John 8:36 (GWT) says, "If The Son therefore will set you freeyou will truly be the children of liberty.”  This means that you will do more than simply celebrate your own freedom.  Children of liberty will take the Messiah's job description on themselves.  They'll claim the same thing that Jesus did when He read from the Isaiah scroll in his hometown Nazareth:

16 He came to Nazareth, where He had been brought up. As usual, He entered the synagogue on the Sabbath day and stood up to read. 17 The scroll of the prophet Isaiah was given to Him, and unrolling the scroll, He found the place where it was written:
18 The Spirit of the Lord is on Me,
because He has anointed Me
to preach good news to the poor.
He has sent Me
to proclaim freedom to the captives
and recovery of sight to the blind,
to set free the oppressed,
19 to proclaim the year of the Lord’s favor.

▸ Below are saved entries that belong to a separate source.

(* Let $Q\in R$ and let $a,b,c,d$ be non-negative integers with $a+b\le n$ and $1\le c\le d\le b$. Then there exist elements $h_k\in H_{k-1,k}$ ($a+c\le k\le a+d$) such that $$T_{w_{a,b}}L_{c,d}(Q)=\Big\{L_{a+c,a+d}(Q)+\sum_{k=a+c}^{a+d}L_kh_k\Big\}T_{w_{a,b}}.$$
   Context: Ariki–Koike algebra: $R$ a commutative integral domain with $1$, $n,r\ge1$, $q,Q_1,\dots,Q_r\in R$, $q$ invertible; generators $T_0,\dots,T_{n-1}$, relations $(T_0-Q_1)\cdots(T_0-Q_r)=0$, $T_0T_1T_0T_1=T_1T_0T_1T_0$, $(T_i+q)(T_i-1)=0$ ($1\le i\le n-1$), $T_{i+1}T_iT_{i+1}=T_iT_{i+1}T_i$, $T_iT_j=T_jT_i$ ($0\le i<j-1\le n-2$). $T_w=T_{i_1}\cdots T_{i_k}$ for a reduced expression $w=s_{i_1}\cdots s_{i_k}$, $s_i=(i,i+1)$. $L_m=q^{1-m}T_{m-1}\cdots T_1T_0T_1\cdots T_{m-1}$. Notation: for $i\le j$, $T_{i,j}=T_iT_{i+1}\cdots T_j$, and $T_{i,j}=1$ if $i>j$. $T_{w_{a,b}}=T_{a,a+b-1}T_{a-1,a+b-2}\cdots T_{1,b}$ (and $T_{w_{a,b}}=1$ if $a=0$ or $b=0$); this is $T_w$ for the permutation $w_{a,b}$ sending $i\mapsto b+i$ for $1\le i\le a$ and $a+i\mapsto i$ for $1\le i\le b$, the product of the $s_{i,j}=s_is_{i+1}\cdots s_j$ being reduced. For $Q\in R$, $L_{i,j}(Q)=(L_i-Q)(L_{i+1}-Q)\cdots(L_j-Q)$ if $i\le j$ and $1$ if $i>j$. For $0\le k\le m\le n$, $H_{k,m}$ is the $R$-span of $\{L_1^{c_1}\cdots L_k^{c_k}T_w:0\le c_i<r,\ w\in\mathfrak S_m\}$, where $\mathfrak S_m\subseteq\mathfrak S_n$ is generated by $s_1,\dots,s_{m-1}$. *)

theory Defs
  imports "HOL-Combinatorics.Permutations" "HOL-Combinatorics.Transposition"
begin
lemma pow_le_C1_word_problem:
  assumes fin: "finite (carrier G)" and a: "a \<in> carrier G" and b: "b \<in> carrier G"
    and m: "m = ord (a \<otimes> b \<otimes> inv a \<otimes> inv b)" "2 \<le> m"
    and n: "2 * m * m * Suc (Suc j) \<le> n"
  shows "m ^ j \<le> C1 (inputs G n) (inputs G n) (\<lambda>xs ys. interleaved_prod G xs ys \<in> {\<one>})"
proof -
  define k where "k = Suc (Suc j)"
  define r where "r = n - 2 * m * m * k"
  define enA where "enA xs = toggle_word G a (grid_code_rows m xs) @ replicate r \<one>" for xs
  define enB where "enB ys = toggle_word G b (grid_code_cols m ys) @ replicate r \<one>" for ys
  let ?C1 = "C1 (inputs G n) (inputs G n) (\<lambda>xs ys. interleaved_prod G xs ys \<in> {\<one>})"
  have "enA ` vecs m k \<subseteq> inputs G n" "enB ` vecs m k \<subseteq> inputs G n"
    using n
    by (auto dest: set_toggle_word[OF a, THEN subsetD] set_toggle_word[OF b, THEN subsetD]
        simp: enA_def enB_def inputs_def vecs_def length_toggle_word length_grid_code_rows
          length_grid_code_cols r_def k_def)
  moreover have "interleaved_prod G (enA x) (enB y) \<in> {\<one>} \<longleftrightarrow> m dvd dot x y"
    if "x \<in> vecs m k" "y \<in> vecs m k" for x y
    using interleaved_prod_grid_code[OF a b that] pow_eq_id a b m(1) by (simp add: enA_def enB_def)
  ultimately have "card {(x, y) \<in> vecs m k \<times> vecs m k. m dvd dot x y} \<le> ?C1 * m ^ k"
    using m(2) by (intro card_ones_le_C1_mult[where enA = enA and enB = enB,
        OF finite_inputs[OF fin] finite_inputs[OF fin] finite_vecs finite_vecs])
      (auto intro: card_dvd_dot_rectangle_le)
  moreover have "m ^ (2 * Suc j) \<le> card {(x, y) \<in> vecs m k \<times> vecs m k. m dvd dot x y}"
    using card_dvd_dot_pairs_ge[of m "Suc j"] m(2) by (simp add: k_def)
  moreover have "m ^ (2 * Suc j) = m ^ j * m ^ k"
    by (simp add: k_def mult_2 flip: power_add)
  ultimately have "m ^ j * m ^ k \<le> ?C1 * m ^ k"
    by linarith
  then show ?thesis
    using m(2) by simp
qed

lemma N1_ideal_one_lower_bound:
  assumes fin: "finite (carrier G)" and a: "a \<in> carrier G" and b: "b \<in> carrier G"
    and noncomm: "a \<otimes> b \<noteq> b \<otimes> a"
  obtains L where "L > 0" "\<And>n. real (n div L) - 2 \<le> N1_ideal G {\<one>} n"
proof -
  define m where "m = ord (a \<otimes> b \<otimes> inv a \<otimes> inv b)"
  have "m \<noteq> 1"
    using ord_eq_1 commutator_eq_one_iff[OF a b] noncomm a b by (simp add: m_def)
  moreover have "1 \<le> m"
    unfolding m_def using a b by (intro ord_ge_1 fin) simp
  ultimately have m: "2 \<le> m"
    by simp
  have "real (n div (2 * m * m)) - 2 \<le> N1_ideal G {\<one>} n" for n
  proof (cases "2 \<le> n div (2 * m * m)")
    case True
    define j where "j = n div (2 * m * m) - 2"
    have "Suc (Suc j) = n div (2 * m * m)"
      using True by (simp add: j_def)
    then have "2 * m * m * Suc (Suc j) \<le> n"
      using times_div_less_eq_dividend[of "2 * m * m" n] by simp
    then have "real j \<le> N1_ideal G {\<one>} n"
      unfolding N1_ideal_def N1_def
      by (rule real_le_log2_of_pow_le[OF m pow_le_C1_word_problem[OF fin a b m_def m]])
    then show ?thesis
      using True by (simp add: j_def of_nat_diff)
  next
    case False
    then have "real (n div (2 * m * m)) - 2 \<le> 0"
      by simp
    then show ?thesis
      using N1_nonneg unfolding N1_ideal_def by (rule order_trans)
  qed
  moreover have "0 < 2 * m * m"
    using m by simp
  ultimately show ?thesis
    using that by blast
qed

end

section \<open>Stable orders on finite groups\<close>

context group
begin
definition state ::
  "real^'n^'n \<Rightarrow> real^'m^'n \<Rightarrow> real^'k^'n \<Rightarrow> real^'n \<Rightarrow> (real \<Rightarrow> real^'k)
   \<Rightarrow> (real \<Rightarrow> real^'m) \<Rightarrow> real \<Rightarrow> real^'n" where
  "state A Bp Bd x0 d p t =
     mat_exp (t *\<^sub>R A) *v x0
     + integral {0..t} (\<lambda>\<tau>. mat_exp ((t - \<tau>) *\<^sub>R A) *v (Bd *v d \<tau> + Bp *v p \<tau>))"

definition feasible_power ::
  "real^'n^'n \<Rightarrow> real^'m^'n \<Rightarrow> real^'k^'n \<Rightarrow> real^'n \<Rightarrow> (real \<Rightarrow> real^'k)
   \<Rightarrow> real \<Rightarrow> real^'m \<Rightarrow> real^'m \<Rightarrow> real^'n \<Rightarrow> real^'n \<Rightarrow> (real \<Rightarrow> real^'m) \<Rightarrow> bool" where
  "feasible_power A Bp Bd x0 d tf pmin pmax xmin xmax p \<longleftrightarrow>
     (\<forall>t\<in>{0..tf}. pmin \<le> p t \<and> p t \<le> pmax
        \<and> xmin \<le> state A Bp Bd x0 d p t \<and> state A Bp Bd x0 d p t \<le> xmax)"

definition alpha_coef :: "real^'n^'n \<Rightarrow> real^'m^'n \<Rightarrow> real \<Rightarrow> real^'m^'n" where
  "alpha_coef A Bp t = (\<chi> i j. (SUP \<tau>\<in>{0..t}. (mat_exp ((t - \<tau>) *\<^sub>R A) ** Bp) $ i $ j))"

definition beta_coef :: "real^'n^'n \<Rightarrow> real^'m^'n \<Rightarrow> real \<Rightarrow> real^'m^'n" where
  "beta_coef A Bp t = (\<chi> i j. (INF \<tau>\<in>{0..t}. (mat_exp ((t - \<tau>) *\<^sub>R A) ** Bp) $ i $ j))"

definition b_coef :: "real^'n^'n \<Rightarrow> real^'m^'n \<Rightarrow> (real \<Rightarrow> real^'m) \<Rightarrow> real \<Rightarrow> real^'n" where
  "b_coef A Bp p t = integral {0..t} (\<lambda>\<tau>. (mat_exp ((t - \<tau>) *\<^sub>R A) ** Bp) *v p \<tau>)"

definition box_objective :: "real^'m \<Rightarrow> real^'m \<Rightarrow> ereal" where
  "box_objective Ep Em =
     (if (\<forall>i. Em $ i < Ep $ i) then ereal (\<Sum>i\<in>UNIV. ln (Ep $ i - Em $ i)) else -\<infinity>)"

definition box_feasible ::
  "real^'m^'n \<Rightarrow> real^'m^'n \<Rightarrow> real^'n \<Rightarrow> real^'n \<Rightarrow> real^'m \<Rightarrow> real^'m \<Rightarrow> bool" where
  "box_feasible al be bp bm Ep Em \<longleftrightarrow> al *v Ep \<le> bp \<and> be *v Em \<ge> bm \<and> Ep \<ge> Em"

20 He then rolled up the scroll, gave it back to the attendant, and sat down. And the eyes of everyone in the synagogue were fixed on Him.21 He began by saying to them, “Today as you listen, this Scripture has been fulfilled.”

Just as the scripture was fulfilled through Jesus, so it can also be fulfilled through all who follow him.  God has called us to preach good news to the poor, to proclaim freedom to the captives and recovery of sight to the blind.  God has called us to work to set free those who are oppressed, and to proclaim the year of the Lord's favor.  Like Paul, each of us has to decide how we will go about this assignment.  For some, that may mean working to overturn unjust laws.  For others, it may simply mean creating an atmosphere of love, in which oppression simply cannot survive.